### [Extracted information]
lemma unit_potential_diff_eq_resistances:
  assumes x: "is_unit_potential V E a b x" and V: "a \<in> V" "b \<in> V" "c \<in> V" "d \<in> V"
  shows "x c - x d =
    (resistance V E a d + resistance V E b c - resistance V E a c - resistance V E b d) / 2"
proof -
  \<comment> \<open>Work with the potentials g v of unit currents from v to the reference vertex d;
    by reciprocity, g v w - g v d is symmetric in v and w.\<close>
  define g where "g v = (SOME x. is_unit_potential V E v d x)" for v
  have g: "is_unit_potential V E v d (g v)" if "v \<in> V" for v
    unfolding g_def using unit_potential_exists[OF that \<open>d \<in> V\<close>] by (rule someI_ex)
  have pair: "is_unit_potential V E v w (\<lambda>u. g v u - g w u)" if "v \<in> V" "w \<in> V" for v w
    using g[OF that(1)] g[OF that(2)] by (simp add: is_unit_potential_def laplacian_diff)
  have recip: "g v w - g v d = g w v - g w d" if "v \<in> V" "w \<in> V" for v w
    using unit_potential_reciprocity[OF g g] that \<open>d \<in> V\<close> by blast
  have res: "resistance V E v w = g v v - g w v - g v w + g w w" if "v \<in> V" "w \<in> V" for v w
    using resistance_eq[OF pair that] that by simp
  have "x c - x d = (g a c - g b c) - (g a d - g b d)"
    using unit_potential_unique[OF x pair] V by simp
  then show ?thesis
    using res[of a d] res[of b c] res[of a c] res[of b d] recip[of a c] recip[of b c]
      recip[of a d] recip[of b d] V
    by (simp add: field_simps)
qed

### [Task description]
Please copy each line of the entries in which the word "close" shows up.

### [Output below]
    by reciprocity, g v w - g v d is symmetric in v and w.\<close>
    unfolding g_def using unit_potential_exists[OF that \<open>d \<in> V\<close>] by (rule someI_ex)
    using unit_potential_reciprocity[OF g g] that \<open>d \<in> V\<close> by blast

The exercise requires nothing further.